Os cristãos egípcios vivem aterrorizados após os últimos ataques a igrejas, lojas e casas que, segundo eles, foram realizados por seguidores do presidente islamita deposto Mohamed Mursi. Os atacantes começaram a queimar igrejas no país pouco depois da sangrenta expulsão, na quarta-feira, dos seguidores de Mursi que acampavam em duas praças do Cairo, no que parece ser uma represália.

"As pessoas estão mortas de medo, ninguém se atreve a sair de casa", disse Marco, um engenheiro de 27 anos por telefone à AFP a partir da cidade de Sohag. O pior é que os atacantes "sabem onde os coptas vivem", já que, depois de queimar várias igrejas, começaram com as casas.

A União Juvenil Maspero, um movimento da juventude copta, está convencida de que se trata de uma "guerra de represálias" contra a minoria religiosa, que representa 10% da população egípcia. O grupo acusou os seguidores de Mursi de convertê-los em alvo em resposta ao apoio do Papa dos coptos Tawadros II ao golpe militar que expulsou do poder no dia 3 de julho o líder islamita.

A Iniciativa Egípcia pelos Direitos Humanos (EIPR), uma ONG local, afirma que na quarta-feira ao menos 25 igrejas foram queimadas, assim como escolas cristãs, lojas e casas nas 27 províncias do país.

O arcebispo caldeu iraquiano, Louis Sako, disse à AFP que uma das igrejas de sua comunidade foi queimada na quarta-feira. "É um autêntico desastre", disse antes de advertir que a região é um vulcão perigoso.

Para Marco, os ataques contra as igrejas não são nenhuma surpresa, já que elas já haviam sido alvo em outras ocasiões. Mas o que mais o impactou foram os incêndios das casas de coptas e os saques de suas lojas. Os atacantes "gritavam slogans a favor de Mursi e usavam faixas na cabeça com a frase 'Irmandade Muçulmana' escrita", explicou.

A União Juvenil Maspero, que documentou a violência da qual os cristãos foram vítimas durante o ano em que Mursi permaneceu na presidência, também culpa os seguidores do líder deposto pelos ataques. "Os coptas são alvos de ataques em nove províncias, o que gera medo, perdas e destruição apenas porque são cristãos", disse o grupo.

Os seguidores de Mursi acusam frequentemente os cristãos de apoiar o presidente Hosni Mubarak, que foi deposto na revolta de 2011. Mas os cristãos também eram vítimas quando Mubarak estava no poder.

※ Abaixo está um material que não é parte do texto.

(* Let $\mathfrak{X}$ be a dual polar scheme of diameter $d$ on the vertex set $X$, with base vertex $u_0$, and let $e\ge 0$ be an integer. Let $(Y,w)$ be a positively weighted subset of $X$ which is a relative $2e$-design with respect to $u_0$, i.e. \[ \sum_{i=1}^p\frac{w(Y_{r_i})}{k_{r_i}}\sum_{x\in X_{r_i}}f(x)=\sum_{y\in Y}w(y)f(y)\quad\text{for every } f\in\mathrm{Hom}_0(X)+\mathrm{Hom}_1(X)+\cdots+\mathrm{Hom}_{2e}(X), \] where $\{r_1,\dots,r_p\}=\{r: Y\cap X_r\ne\emptyset\}$. Let $S=X_{r_1}\cup\cdots\cup X_{r_p}$. Then \[ |Y|\ge\dim\big(\mathrm{Hom}_0(S)+\mathrm{Hom}_1(S)+\cdots+\mathrm{Hom}_e(S)\big). \]
   Context: Dual polar scheme: $V$ is a finite-dimensional vector space over a finite field with a non-degenerate alternating, Hermitian, or quadratic form of Witt index $d$; $X$ is the set of maximal totally isotropic subspaces, with distance $\partial(x,y)=d-\dim(x\cap y)$ (the distance in the dual polar graph), and relations $R_r=\{(x,y):\partial(x,y)=r\}$. Shells $X_r=\{x:\partial(u_0,x)=r\}$, $k_r=|X_r|$. A weighted subset is $Y\subseteq X$ with $w:Y\to\mathbb{R}_{>0}$; $Y_{r}=Y\cap X_r$, $w(Y_r)=\sum_{y\in Y_r}w(y)$. For $z\in X$, $f_z(x)=1$ if $\partial(u_0,z)+\partial(z,x)=\partial(u_0,x)$ and $0$ otherwise; $\mathrm{Hom}_j(X)=\mathrm{span}\{f_z: z\in X_j\}$ (with $\mathrm{Hom}_j(X)=0$ for $j>d$), and $\mathrm{Hom}_j(S)=\{f|_S: f\in\mathrm{Hom}_j(X)\}$. *)

theory Defs
  imports "HOL-Analysis.Analysis" "HOL-Library.Function_Algebras"
begin

definition bilin_form :: "('k::field^'n \<Rightarrow> 'k^'n \<Rightarrow> 'k) \<Rightarrow> bool" where
  "bilin_form B \<longleftrightarrow>
     (\<forall>x y z. B (x + y) z = B x z + B y z) \<and> (\<forall>x y z. B x (y + z) = B x y + B x z) \<and>
     (\<forall>a x y. B (a *s x) y = a * B x y) \<and> (\<forall>a x y. B x (a *s y) = a * B x y)"

definition alt_form :: "('k::field^'n \<Rightarrow> 'k^'n \<Rightarrow> 'k) \<Rightarrow> bool" where
  "alt_form B \<longleftrightarrow> bilin_form B \<and> (\<forall>x. B x x = 0) \<and> (\<forall>y. (\<forall>x. B x y = 0) \<longrightarrow> y = 0)"

definition field_involution :: "('k::field \<Rightarrow> 'k) \<Rightarrow> bool" where
  "field_involution \<sigma> \<longleftrightarrow> (\<forall>a b. \<sigma> (a + b) = \<sigma> a + \<sigma> b) \<and> (\<forall>a b. \<sigma> (a * b) = \<sigma> a * \<sigma> b)
     \<and> (\<forall>a. \<sigma> (\<sigma> a) = a) \<and> \<sigma> \<noteq> id"

definition herm_form :: "('k::field \<Rightarrow> 'k) \<Rightarrow> ('k^'n \<Rightarrow> 'k^'n \<Rightarrow> 'k) \<Rightarrow> bool" where
  "herm_form \<sigma> B \<longleftrightarrow> field_involution \<sigma> \<and>
     (\<forall>x y z. B (x + y) z = B x z + B y z) \<and> (\<forall>x y z. B x (y + z) = B x y + B x z) \<and>
     (\<forall>a x y. B (a *s x) y = a * B x y) \<and> (\<forall>a x y. B x (a *s y) = \<sigma> a * B x y) \<and>
     (\<forall>x y. B y x = \<sigma> (B x y)) \<and> (\<forall>y. (\<forall>x. B x y = 0) \<longrightarrow> y = 0)"

definition quad_form :: "('k::field^'n \<Rightarrow> 'k) \<Rightarrow> bool" where
  "quad_form Q \<longleftrightarrow> (\<forall>a x. Q (a *s x) = a^2 * Q x) \<and>
     bilin_form (\<lambda>x y. Q (x + y) - Q x - Q y) \<and>
     (\<forall>x. Q x = 0 \<and> (\<forall>y. Q (x + y) - Q x - Q y = 0) \<longrightarrow> x = 0)"

text \<open>tiso W: W is totally isotropic (totally singular in the quadratic case) for one of the
  three admissible kinds of forms\<close>
definition polar_iso :: "(('k::field^'n) set \<Rightarrow> bool) \<Rightarrow> bool" where
  "polar_iso tiso \<longleftrightarrow>
     (\<exists>B. alt_form B \<and> tiso = (\<lambda>W. \<forall>x\<in>W. \<forall>y\<in>W. B x y = 0)) \<or>
     (\<exists>\<sigma> B. herm_form \<sigma> B \<and> tiso = (\<lambda>W. \<forall>x\<in>W. \<forall>y\<in>W. B x y = 0)) \<or>
     (\<exists>Q. quad_form Q \<and> tiso = (\<lambda>W. \<forall>x\<in>W. Q x = 0))"

definition dpX :: "(('k::field^'n::finite) set \<Rightarrow> bool) \<Rightarrow> ('k^'n) set set" where
  "dpX tiso = {W. vec.subspace W \<and> tiso W \<and>
                 (\<forall>W'. vec.subspace W' \<and> tiso W' \<and> W \<subseteq> W' \<longrightarrow> W' = W)}"

definition witt_index :: "(('k::field^'n::finite) set \<Rightarrow> bool) \<Rightarrow> nat" where
  "witt_index tiso = Max {vec.dim W | W. vec.subspace W \<and> tiso W}"

definition dpdist :: "(('k::field^'n::finite) set \<Rightarrow> bool) \<Rightarrow> ('k^'n) set \<Rightarrow> ('k^'n) set \<Rightarrow> nat" where
  "dpdist tiso x y = witt_index tiso - vec.dim (x \<inter> y)"

definition shell :: "(('k::field^'n::finite) set \<Rightarrow> bool) \<Rightarrow> ('k^'n) set \<Rightarrow> nat \<Rightarrow> ('k^'n) set set" where
  "shell tiso u0 r = {x \<in> dpX tiso. dpdist tiso u0 x = r}"

definition fz :: "(('k::field^'n::finite) set \<Rightarrow> bool) \<Rightarrow> ('k^'n) set \<Rightarrow> ('k^'n) set \<Rightarrow> ('k^'n) set \<Rightarrow> real" where
  "fz tiso u0 z x = (if dpdist tiso u0 z + dpdist tiso z x = dpdist tiso u0 x then 1 else 0)"

text \<open>Hom_0(X) + ... + Hom_j(X): the span of all f_z with z in X_0 \<union> ... \<union> X_j
  (written out as the set of linear combinations of these finitely many functions)\<close>
definition hom_upto :: "(('k::field^'n::finite) set \<Rightarrow> bool) \<Rightarrow> ('k^'n) set \<Rightarrow> nat \<Rightarrow> (('k^'n) set \<Rightarrow> real) set" where
  "hom_upto tiso u0 j = {g. \<exists>c. g = (\<lambda>x. \<Sum>z\<in>{z \<in> dpX tiso. dpdist tiso u0 z \<le> j}. c z * fz tiso u0 z x)}"

text \<open>restriction of a function to S (represented as the function vanishing outside S)\<close>
definition restr :: "'a set \<Rightarrow> ('a \<Rightarrow> real) \<Rightarrow> 'a \<Rightarrow> real" where
  "restr S f = (\<lambda>x. if x \<in> S then f x else 0)"

definition fscale :: "real \<Rightarrow> ('a \<Rightarrow> real) \<Rightarrow> 'a \<Rightarrow> real" where
  "fscale c f = (\<lambda>x. c * f x)"

interpretation fvs: vector_space "fscale :: real \<Rightarrow> ('a \<Rightarrow> real) \<Rightarrow> 'a \<Rightarrow> real"
  by unfold_locales (auto simp: fscale_def algebra_simps)

end

theory Submission
  imports Defs
begin

text \<open>
  Order the elements of \<open>X\<close> by \<open>z \<preceq> x\<close> iff \<open>z\<close> lies on a geodesic from \<open>u\<^sub>0\<close> to \<open>x\<close>, so
  that \<open>f\<^sub>z\<close> is the indicator of the up-set of \<open>z\<close>. In a dual polar space two elements
  \<open>z, z' \<preceq> x\<close> have a least upper bound below \<open>x\<close>, namely the element of \<open>X\<close> nearest to \<open>x\<close>
  containing \<open>u\<^sub>0 \<inter> z \<inter> z'\<close>, and its distance from \<open>u\<^sub>0\<close> is at most that of \<open>z\<close> plus that of \<open>z'\<close>.
  Hence \<open>f\<^sub>z f\<^sub>z'\<close> is the sum of \<open>f\<^sub>y\<close> over the minimal upper bounds \<open>y\<close> of \<open>z, z'\<close>, and the
  square of any \<open>g \<in> Hom\<^sub>0 + \<dots> + Hom\<^sub>e\<close> lies in \<open>Hom\<^sub>0 + \<dots> + Hom\<^sub>2\<^sub>e\<close>. If \<open>g\<close> vanishes on \<open>Y\<close>,
  the design identity for \<open>g\<^sup>2 \<ge> 0\<close> with positive weights forces \<open>g\<^sup>2\<close> to vanish on \<open>S\<close>.
  So restriction to \<open>Y\<close> is injective on \<open>Hom\<^sub>0(S) + \<dots> + Hom\<^sub>e(S)\<close>, whose dimension is therefore
  at most \<open>|Y|\<close>.
\<close>

definition sumset :: "'a::ab_group_add set \<Rightarrow> 'a set \<Rightarrow> 'a set" where
  "sumset U W = {u + w |u w. u \<in> U \<and> w \<in> W}"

Na quinta-feira, o governo interino instalado pelo exército disse que os ataques contra os cristãos egípcios são a "linha vermelha" e afirmou que as autoridades "responderão energicamente" a qualquer provocação.

Pouco depois, o ministro da Defesa, o general Abdel Fatah al-Sissi, chefe das forças armadas que liderou o golpe, afirmou que o exército pagará a reconstrução das igrejas destruídas. O primeiro-ministro interino, Hazem Beblawi, também anunciou na quinta-feira que se reunirá com o Papa copta para manifestar sua solidariedade.

A agência de notícias estatal Mena informou que 80 partidários de Mursi foram detidos e serão julgados por tribunais militares por sua suposta participação nos incêndios de igrejas na província de Suez na quarta-feira.

A Irmandade Muçulmana não se manifestou a respeito, a não ser para sugerir que as autoridades estão por trás da violência. "O regime alçado ao poder pelo golpe militar está restaurando a violência sectária, como fizeram quando Mubarak estava a ponto de cair", disse o porta-voz Gehad el Haddad pelo Twitter.

Ishak Ibrahim, um pesquisador do EIPR sobre assuntos religiosos, disse que o Estado "tem que intervir para proteger a população. São necessárias ações concretas após os grandes discursos". Segundo ele, o "discurso do ódio" que existe contra os cristãos em todo o país é mais dos salafistas, dos islamitas mais conservadores, que da Irmandade Muçulmana.

A maioria dos ataques ocorreram fora das grandes cidades, em áreas onde a presença das forças de ordem é mínima. "Famílias que têm muito medo para sair para comprar comida esperam algo concreto", disse Karem, outro morador de Sohag.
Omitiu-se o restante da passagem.